◆ **Dataset records**
* * *
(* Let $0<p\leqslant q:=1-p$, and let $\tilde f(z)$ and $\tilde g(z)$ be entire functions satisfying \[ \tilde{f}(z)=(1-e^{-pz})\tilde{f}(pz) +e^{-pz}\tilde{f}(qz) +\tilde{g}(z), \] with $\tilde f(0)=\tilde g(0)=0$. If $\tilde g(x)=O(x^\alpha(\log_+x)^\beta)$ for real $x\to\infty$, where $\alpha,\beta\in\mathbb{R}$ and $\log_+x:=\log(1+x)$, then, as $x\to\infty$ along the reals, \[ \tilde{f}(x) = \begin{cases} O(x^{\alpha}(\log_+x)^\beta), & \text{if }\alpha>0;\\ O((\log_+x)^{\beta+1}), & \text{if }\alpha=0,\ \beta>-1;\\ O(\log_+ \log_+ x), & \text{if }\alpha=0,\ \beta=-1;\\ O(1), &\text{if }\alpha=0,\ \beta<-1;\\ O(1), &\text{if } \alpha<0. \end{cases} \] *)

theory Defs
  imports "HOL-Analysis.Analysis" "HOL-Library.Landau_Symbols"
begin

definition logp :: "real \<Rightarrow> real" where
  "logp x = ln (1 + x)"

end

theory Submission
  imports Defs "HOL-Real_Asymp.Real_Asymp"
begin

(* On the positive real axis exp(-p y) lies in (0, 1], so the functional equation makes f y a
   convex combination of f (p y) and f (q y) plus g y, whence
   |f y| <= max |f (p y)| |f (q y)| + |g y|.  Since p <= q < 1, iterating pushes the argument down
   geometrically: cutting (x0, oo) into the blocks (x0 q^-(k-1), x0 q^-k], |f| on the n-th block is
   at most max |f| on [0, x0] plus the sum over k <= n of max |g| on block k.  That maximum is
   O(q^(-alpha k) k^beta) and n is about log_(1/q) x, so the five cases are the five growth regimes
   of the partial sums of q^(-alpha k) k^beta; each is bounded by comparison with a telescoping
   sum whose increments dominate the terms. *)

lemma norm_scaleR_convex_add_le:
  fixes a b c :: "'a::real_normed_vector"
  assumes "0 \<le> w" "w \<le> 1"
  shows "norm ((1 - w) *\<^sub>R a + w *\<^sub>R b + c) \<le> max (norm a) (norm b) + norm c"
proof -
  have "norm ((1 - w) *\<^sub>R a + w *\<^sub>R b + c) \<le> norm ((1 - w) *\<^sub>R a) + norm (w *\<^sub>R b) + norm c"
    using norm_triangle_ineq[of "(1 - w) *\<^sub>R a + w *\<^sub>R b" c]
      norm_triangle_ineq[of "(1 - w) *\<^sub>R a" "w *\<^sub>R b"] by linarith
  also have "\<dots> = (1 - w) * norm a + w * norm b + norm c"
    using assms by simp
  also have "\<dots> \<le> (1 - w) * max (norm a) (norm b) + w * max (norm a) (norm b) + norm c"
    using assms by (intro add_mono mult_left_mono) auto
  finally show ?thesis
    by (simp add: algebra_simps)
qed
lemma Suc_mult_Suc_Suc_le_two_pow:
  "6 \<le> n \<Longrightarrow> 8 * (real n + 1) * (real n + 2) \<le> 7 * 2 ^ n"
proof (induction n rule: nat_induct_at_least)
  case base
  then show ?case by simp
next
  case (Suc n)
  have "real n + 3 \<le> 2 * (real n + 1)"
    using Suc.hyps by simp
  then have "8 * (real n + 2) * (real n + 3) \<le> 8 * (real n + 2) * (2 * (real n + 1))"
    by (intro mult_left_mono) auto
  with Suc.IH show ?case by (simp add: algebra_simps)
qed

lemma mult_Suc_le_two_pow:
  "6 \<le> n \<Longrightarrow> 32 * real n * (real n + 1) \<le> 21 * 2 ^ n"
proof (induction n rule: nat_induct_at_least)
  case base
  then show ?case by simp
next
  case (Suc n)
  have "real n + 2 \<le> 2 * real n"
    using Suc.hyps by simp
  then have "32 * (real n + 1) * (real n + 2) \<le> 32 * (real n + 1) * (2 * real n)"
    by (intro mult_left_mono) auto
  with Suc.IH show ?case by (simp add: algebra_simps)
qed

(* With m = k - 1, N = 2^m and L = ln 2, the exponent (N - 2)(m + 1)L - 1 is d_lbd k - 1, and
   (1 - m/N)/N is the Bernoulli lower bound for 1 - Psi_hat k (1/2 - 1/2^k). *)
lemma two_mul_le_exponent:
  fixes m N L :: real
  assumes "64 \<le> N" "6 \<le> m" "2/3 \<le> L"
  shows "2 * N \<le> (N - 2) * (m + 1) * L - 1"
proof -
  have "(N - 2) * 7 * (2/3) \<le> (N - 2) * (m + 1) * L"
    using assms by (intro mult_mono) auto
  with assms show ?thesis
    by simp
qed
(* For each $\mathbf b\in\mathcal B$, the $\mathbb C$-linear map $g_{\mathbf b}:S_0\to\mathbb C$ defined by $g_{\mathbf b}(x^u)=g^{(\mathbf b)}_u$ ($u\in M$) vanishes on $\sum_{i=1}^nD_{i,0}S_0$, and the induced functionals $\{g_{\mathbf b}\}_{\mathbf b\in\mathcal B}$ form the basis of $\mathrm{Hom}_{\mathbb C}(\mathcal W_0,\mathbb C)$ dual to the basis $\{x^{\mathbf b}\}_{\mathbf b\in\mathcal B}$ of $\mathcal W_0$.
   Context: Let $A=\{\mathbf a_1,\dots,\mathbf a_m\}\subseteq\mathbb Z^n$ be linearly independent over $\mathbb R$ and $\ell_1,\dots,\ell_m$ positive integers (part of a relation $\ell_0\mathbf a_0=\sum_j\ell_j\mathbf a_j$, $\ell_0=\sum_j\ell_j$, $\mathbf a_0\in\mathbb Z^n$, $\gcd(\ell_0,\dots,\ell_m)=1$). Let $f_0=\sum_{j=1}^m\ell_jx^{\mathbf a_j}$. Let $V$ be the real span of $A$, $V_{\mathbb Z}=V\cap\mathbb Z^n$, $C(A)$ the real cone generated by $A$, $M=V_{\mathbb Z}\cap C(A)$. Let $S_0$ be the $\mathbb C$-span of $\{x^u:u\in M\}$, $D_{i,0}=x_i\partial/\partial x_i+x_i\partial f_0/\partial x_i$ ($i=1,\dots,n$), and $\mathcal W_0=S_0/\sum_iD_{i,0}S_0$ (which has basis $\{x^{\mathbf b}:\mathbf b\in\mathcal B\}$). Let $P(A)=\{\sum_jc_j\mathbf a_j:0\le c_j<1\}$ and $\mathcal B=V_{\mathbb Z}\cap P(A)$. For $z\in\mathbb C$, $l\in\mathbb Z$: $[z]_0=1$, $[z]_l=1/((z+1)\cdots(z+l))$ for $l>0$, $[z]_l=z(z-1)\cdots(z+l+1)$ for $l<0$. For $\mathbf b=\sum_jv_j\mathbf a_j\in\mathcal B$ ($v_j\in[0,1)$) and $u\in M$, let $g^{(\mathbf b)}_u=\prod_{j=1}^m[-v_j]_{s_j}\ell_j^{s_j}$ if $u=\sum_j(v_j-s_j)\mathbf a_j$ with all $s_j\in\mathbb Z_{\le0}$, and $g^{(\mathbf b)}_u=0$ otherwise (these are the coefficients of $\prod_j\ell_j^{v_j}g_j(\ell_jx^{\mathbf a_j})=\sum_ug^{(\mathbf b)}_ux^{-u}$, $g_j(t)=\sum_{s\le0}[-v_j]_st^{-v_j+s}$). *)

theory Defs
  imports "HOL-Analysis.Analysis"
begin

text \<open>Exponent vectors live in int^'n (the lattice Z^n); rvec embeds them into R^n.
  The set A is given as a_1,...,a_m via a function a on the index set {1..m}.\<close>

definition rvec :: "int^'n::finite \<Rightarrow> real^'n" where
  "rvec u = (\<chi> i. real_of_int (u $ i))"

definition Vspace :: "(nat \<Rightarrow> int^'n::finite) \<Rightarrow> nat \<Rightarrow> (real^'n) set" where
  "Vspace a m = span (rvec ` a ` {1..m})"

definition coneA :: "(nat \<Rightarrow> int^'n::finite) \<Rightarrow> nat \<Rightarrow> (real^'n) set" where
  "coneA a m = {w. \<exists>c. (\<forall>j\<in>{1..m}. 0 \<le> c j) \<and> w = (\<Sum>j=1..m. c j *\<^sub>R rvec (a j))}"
* * *
◆ **Exercise aim**
Read through the entries and copy each line in which "have" appears.

◆ **Exercise result**
  have "norm ((1 - w) *\<^sub>R a + w *\<^sub>R b + c) \<le> norm ((1 - w) *\<^sub>R a) + norm (w *\<^sub>R b) + norm c"
  also have "\<dots> = (1 - w) * norm a + w * norm b + norm c"
  also have "\<dots> \<le> (1 - w) * max (norm a) (norm b) + w * max (norm a) (norm b) + norm c"
  have "real n + 3 \<le> 2 * (real n + 1)"
  then have "8 * (real n + 2) * (real n + 3) \<le> 8 * (real n + 2) * (2 * (real n + 1))"
  have "real n + 2 \<le> 2 * real n"
  then have "32 * (real n + 1) * (real n + 2) \<le> 32 * (real n + 1) * (2 * real n)"
  have "(N - 2) * 7 * (2/3) \<le> (N - 2) * (m + 1) * L"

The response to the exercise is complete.